Last week, while traveling to Chicago on business, I noticed a Marine sergeant traveling with a folded flag, but did not put two and two together. After we boarded our flight, I turned to the sergeant, who'd been invited to sit in First Class (across from me), and inquired if he was heading home. No, he responded. Heading out I asked? No. I'm escorting a soldier home. Going to pick him up? No. He is with me right now. He was killed in Iraq I'm taking him home to his family. The realization of what he had been asked to do hit me like a punch to the gut. It was an honor for him. He told me that, although he didn't know the soldier, he had delivered the news of his passing to the soldier's family and felt as if he knew them after many conversations in so few days. I turned back to him, extended my hand, and said, Thank you. Thank you for doing what you do so my family and I can do what we do. Upon landing in Chicago the pilot stopped short of the gate and made the following announcement over the intercom. "Ladies and gentlemen, I would like to note that we have had the honor of having Sergeant Steeley of the United States Marine Corps join us on this flight. He is escorting a fallen comrade back home to his family. I ask that you please remain in your seats when we open the forward door to allow Sergeant Steeley to deplane and receive his fellow soldier. We will then turn off the seat belt sign." Without a sound, all went as requested. I noticed the sergeant saluting the casket as it was brought off the plane, and his action made me realize that I am proud to be an American.
So here's a public Thank You to our military Men and Women for what you do 
so we can live the way we do. Red Fridays. Very soon, you will see a great many people wearing Red every Friday. The reason? Americans who support our troops used to be called the "silent majority." We are no longer silent, and are voicing our love for God, country and home in record breaking numbers.
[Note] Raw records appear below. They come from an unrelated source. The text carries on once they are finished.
lemma (in prob_space) abs_expectation_le:
  fixes X :: "'a \<Rightarrow> real"
  assumes "X \<in> borel_measurable M" and "\<And>x. x \<in> space M \<Longrightarrow> \<bar>X x\<bar> \<le> B"
  shows "\<bar>expectation X\<bar> \<le> B"
proof -
  have "\<bar>expectation X\<bar> \<le> expectation (\<lambda>x. \<bar>X x\<bar>)"
    by (rule integral_abs_bound)
  also have "\<dots> \<le> B"
    using assms by (intro integral_le_const integrable_abs_le) (auto intro!: AE_I2)
  finally show ?thesis .
qed

lemma (in prob_space) square_expectation_le:
  fixes X :: "'a \<Rightarrow> real"
  assumes "integrable M X" and "integrable M (\<lambda>x. (X x)\<^sup>2)"
  shows "(expectation X)\<^sup>2 \<le> expectation (\<lambda>x. (X x)\<^sup>2)"
  using variance_eq[OF assms] variance_positive[of X] by simp

lemma (in prob_space) variance_le_mean_square_deviation:
  fixes X :: "'a \<Rightarrow> real"
  assumes "integrable M X" and "integrable M (\<lambda>x. (X x)\<^sup>2)"
  shows "variance X \<le> expectation (\<lambda>x. (X x - c)\<^sup>2)"
proof -
  have "expectation (\<lambda>x. (X x - c)\<^sup>2) = variance X + (expectation X - c)\<^sup>2"
    using assms by (simp add: variance_eq power2_diff power2_eq_square prob_space algebra_simps)
  then show ?thesis by simp
qed

lemma (in prob_space) half_sq_dist_le_2:
  fixes u w :: "'a \<Rightarrow> real"
  assumes [measurable]: "u \<in> borel_measurable M" "w \<in> borel_measurable M"
    and bounded: "\<And>x. x \<in> space M \<Longrightarrow> \<bar>u x\<bar> \<le> 1 \<and> \<bar>w x\<bar> \<le> 1"
  shows "\<bar>(1/2) * expectation (\<lambda>x. (u x - w x)\<^sup>2)\<bar> \<le> 2"
proof -
  have "\<bar>expectation (\<lambda>x. (u x - w x)\<^sup>2)\<bar> \<le> 4"
  proof (rule abs_expectation_le)
    fix x assume "x \<in> space M"
    then have "\<bar>u x - w x\<bar> \<le> \<bar>2\<bar>"
      using bounded by fastforce
    then have "(u x - w x)\<^sup>2 \<le> 2\<^sup>2"
      by (rule power2_mono)
    then show "\<bar>(u x - w x)\<^sup>2\<bar> \<le> 4"
      by simp
  qed measurable
  then show ?thesis
    by simp
qed

lemma (in finite_measure) integrable_square_diff:
  fixes u w :: "'a \<Rightarrow> real"
  assumes [measurable]: "u \<in> borel_measurable M" "w \<in> borel_measurable M"
    and bounded: "\<And>x. x \<in> space M \<Longrightarrow> \<bar>u x\<bar> \<le> 1 \<and> \<bar>w x\<bar> \<le> 1"
  shows "integrable M (\<lambda>x. (u x - w x)\<^sup>2)"
proof (rule integrable_square_abs_le[where B=2])
  show "\<bar>u x - w x\<bar> \<le> 2" if "x \<in> space M" for x
    using bounded[OF that] by linarith
qed measurable

lemma (in prob_space) abs_expectation_mult_le:
  fixes d s :: "'a \<Rightarrow> real"
  assumes [measurable]: "d \<in> borel_measurable M" "s \<in> borel_measurable M"
    and d_le: "\<And>x. x \<in> space M \<Longrightarrow> \<bar>d x\<bar> \<le> A"
    and s_le: "\<And>x. x \<in> space M \<Longrightarrow> \<bar>s x\<bar> \<le> B"
  shows "\<bar>expectation (\<lambda>x. d x * s x)\<bar> \<le> B * expectation (\<lambda>x. \<bar>d x\<bar>)"
proof -
  have ds_le: "\<bar>d x * s x\<bar> \<le> B * \<bar>d x\<bar>" if "x \<in> space M" for x
    using mult_left_mono[OF s_le[OF that] abs_ge_zero[of "d x"]] by (simp add: abs_mult mult.commute)
  have "\<bar>expectation (\<lambda>x. d x * s x)\<bar> \<le> expectation (\<lambda>x. \<bar>d x * s x\<bar>)"
    by (rule integral_abs_bound)
  also have "\<dots> \<le> expectation (\<lambda>x. B * \<bar>d x\<bar>)"
  proof (rule integral_mono)
    show "integrable M (\<lambda>x. B * \<bar>d x\<bar>)"
      using d_le by (intro integrable_mult_right integrable_abs_le[where B=A]) auto
    then show "integrable M (\<lambda>x. \<bar>d x * s x\<bar>)"
      by (rule Bochner_Integration.integrable_bound)
        (auto intro!: AE_I2 intro: order_trans[OF ds_le] abs_ge_self)
  qed (rule ds_le)
  finally show ?thesis
    by simp
qed

lemma (in prob_space) half_sq_dist_difference_square_le:
  fixes u v w :: "'a \<Rightarrow> real"
  assumes [measurable]: "u \<in> borel_measurable M" "v \<in> borel_measurable M" "w \<in> borel_measurable M"
    and bounded: "\<And>x. x \<in> space M \<Longrightarrow> \<bar>u x\<bar> \<le> 1 \<and> \<bar>v x\<bar> \<le> 1 \<and> \<bar>w x\<bar> \<le> 1"
  shows "((1/2) * expectation (\<lambda>x. (u x - w x)\<^sup>2) - (1/2) * expectation (\<lambda>x. (v x - w x)\<^sup>2))\<^sup>2
    \<le> 4 * expectation (\<lambda>x. (u x - v x)\<^sup>2)"
proof -
  have d_le: "\<bar>u x - v x\<bar> \<le> 2" and s_le: "\<bar>u x + v x - 2 * w x\<bar> \<le> 4" if "x \<in> space M" for x
    using bounded[OF that] by linarith+
  have "expectation (\<lambda>x. (u x - w x)\<^sup>2) - expectation (\<lambda>x. (v x - w x)\<^sup>2)
      = expectation (\<lambda>x. (u x - w x)\<^sup>2 - (v x - w x)\<^sup>2)"
    using bounded by (intro Bochner_Integration.integral_diff[symmetric] integrable_square_diff) auto
  also have "\<dots> = expectation (\<lambda>x. (u x - v x) * (u x + v x - 2 * w x))"
    by (simp add: power2_eq_square algebra_simps)
  also have "\<bar>\<dots>\<bar> \<le> 4 * expectation (\<lambda>x. \<bar>u x - v x\<bar>)"
    by (rule abs_expectation_mult_le[where A=2]) (measurable, measurable, fact d_le, fact s_le)
  finally have "\<bar>expectation (\<lambda>x. (u x - w x)\<^sup>2) - expectation (\<lambda>x. (v x - w x)\<^sup>2)\<bar>
      \<le> 4 * expectation (\<lambda>x. \<bar>u x - v x\<bar>)" .
  then have "((1/2) * expectation (\<lambda>x. (u x - w x)\<^sup>2) - (1/2) * expectation (\<lambda>x. (v x - w x)\<^sup>2))\<^sup>2
      \<le> (2 * expectation (\<lambda>x. \<bar>u x - v x\<bar>))\<^sup>2"
    by (intro power2_mono) (simp add: right_diff_distrib[symmetric] abs_mult)
  also have "\<dots> = 4 * (expectation (\<lambda>x. \<bar>u x - v x\<bar>))\<^sup>2"
    by (simp add: power_mult_distrib)
  also have "\<dots> \<le> 4 * expectation (\<lambda>x. \<bar>u x - v x\<bar>\<^sup>2)"
  proof (intro mult_left_mono square_expectation_le)
    show "integrable M (\<lambda>x. \<bar>u x - v x\<bar>)" "integrable M (\<lambda>x. \<bar>u x - v x\<bar>\<^sup>2)"
      using d_le by (auto intro!: integrable_abs_le integrable_square_abs_le)
  qed simp
  finally show ?thesis
    by simp
qed

locale bounded_function_family = pair_prob_space \<mu> D
  for \<mu> :: "'p measure" and D :: "'x measure" +
  fixes f :: "'p \<Rightarrow> 'x \<Rightarrow> real"
  assumes measurable_uncurried [measurable]: "(\<lambda>(\<phi>, x). f \<phi> x) \<in> borel_measurable (\<mu> \<Otimes>\<^sub>M D)"
    and abs_le_1: "\<And>\<phi> x. \<phi> \<in> space \<mu> \<Longrightarrow> x \<in> space D \<Longrightarrow> \<bar>f \<phi> x\<bar> \<le> 1"
begin

lemma measurable_section_fst: "\<phi> \<in> space \<mu> \<Longrightarrow> f \<phi> \<in> borel_measurable D"
  using measurable_compose[OF measurable_Pair1' measurable_uncurried] by simp

lemma measurable_section_snd: "x \<in> space D \<Longrightarrow> (\<lambda>\<phi>. f \<phi> x) \<in> borel_measurable \<mu>"
  using measurable_compose[OF measurable_Pair2' measurable_uncurried] by simp

lemma measurable_mean_fun [measurable]: "mean_fun \<mu> f \<in> borel_measurable D"
  unfolding mean_fun_def by measurable

lemma abs_mean_fun_le_1: "x \<in> space D \<Longrightarrow> \<bar>mean_fun \<mu> f x\<bar> \<le> 1"
  unfolding mean_fun_def
  using measurable_section_snd abs_le_1 by (intro M1.abs_expectation_le) auto

lemma integrable_square_uncurried: "integrable (\<mu> \<Otimes>\<^sub>M D) (\<lambda>(\<phi>, x). (f \<phi> x)\<^sup>2)"
proof (rule P.integrable_abs_le[where B=1])
  show "\<bar>case z of (\<phi>, x) \<Rightarrow> (f \<phi> x)\<^sup>2\<bar> \<le> 1" if "z \<in> space (\<mu> \<Otimes>\<^sub>M D)" for z
    using that by (auto simp: space_pair_measure abs_square_le_1 intro: abs_le_1)
qed measurable

lemma second_moment_le_1: "(\<integral>z. (case z of (\<phi>, x) \<Rightarrow> (f \<phi> x)\<^sup>2) \<partial>(\<mu> \<Otimes>\<^sub>M D)) \<le> 1"
  using integrable_square_uncurried
  by (intro P.integral_le_const AE_I2) (auto simp: space_pair_measure abs_square_le_1 intro: abs_le_1)

lemma var_class_eq_second_moment_diff:
  "var_class \<mu> D f = (\<integral>z. (case z of (\<phi>, x) \<Rightarrow> (f \<phi> x)\<^sup>2) \<partial>(\<mu> \<Otimes>\<^sub>M D))
    - inner_L2 D (mean_fun \<mu> f) (mean_fun \<mu> f)"
  unfolding var_class_def inner_L2_def
  using integral_fst[OF integrable_square_uncurried] by (simp add: power2_eq_square)

lemma var_class_le_second_moment:
  "var_class \<mu> D f \<le> (\<integral>z. (case z of (\<phi>, x) \<Rightarrow> (f \<phi> x)\<^sup>2) \<partial>(\<mu> \<Otimes>\<^sub>M D))"
  unfolding var_class_eq_second_moment_diff inner_L2_def by simp

lemma integrable_sq_deviation:
  "integrable (\<mu> \<Otimes>\<^sub>M D) (\<lambda>(\<phi>, x). (f \<phi> x - mean_fun \<mu> f x)\<^sup>2)"
proof (rule P.integrable_abs_le[where B=4])
  fix z assume "z \<in> space (\<mu> \<Otimes>\<^sub>M D)"
  then obtain \<phi> x where z: "z = (\<phi>, x)" "\<phi> \<in> space \<mu>" "x \<in> space D"
    by (auto simp: space_pair_measure)
  have "\<bar>f \<phi> x - mean_fun \<mu> f x\<bar> \<le> \<bar>2\<bar>"
    using abs_le_1[OF z(2,3)] abs_mean_fun_le_1[OF z(3)] by linarith
  then have "(f \<phi> x - mean_fun \<mu> f x)\<^sup>2 \<le> 2\<^sup>2"
    by (rule power2_mono)
  then show "\<bar>case z of (\<phi>, x) \<Rightarrow> (f \<phi> x - mean_fun \<mu> f x)\<^sup>2\<bar> \<le> 4"
    unfolding z by simp
qed measurable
We are not organized, boisterous or overbearing. Many Americans, like you, me and all our friends, simply want to recognize that the vast majority of America supports our troops. Our idea of showing solidarity and support for our troops with dignity and respect starts this Friday -- and continues each and every Friday until the troops all come home, sending a deafening message that ... every red-blooded American who supports our men and women afar, will wear something red.By word of mouth, press, TV -- let's make the United States on every Friday a sea of red much like a homecoming football game in the bleachers. If every one of us who loves this country will share this with acquaintances, coworkers, friends! ds, and family, it will not be long before the USA is covered in RED and it will let our troops know the once "silent" majority is on their side more than ever, certainly more than the media lets on. The first thing a soldier says when asked "What can we do to make things better for you?" is ..."We need your support and your prayers."
Let's get the word out and lead with class and dignity, by example, and wear something red every Friday.


----------



## jlatigo (Aug 4, 2006)

good post now i need to buy something red


----------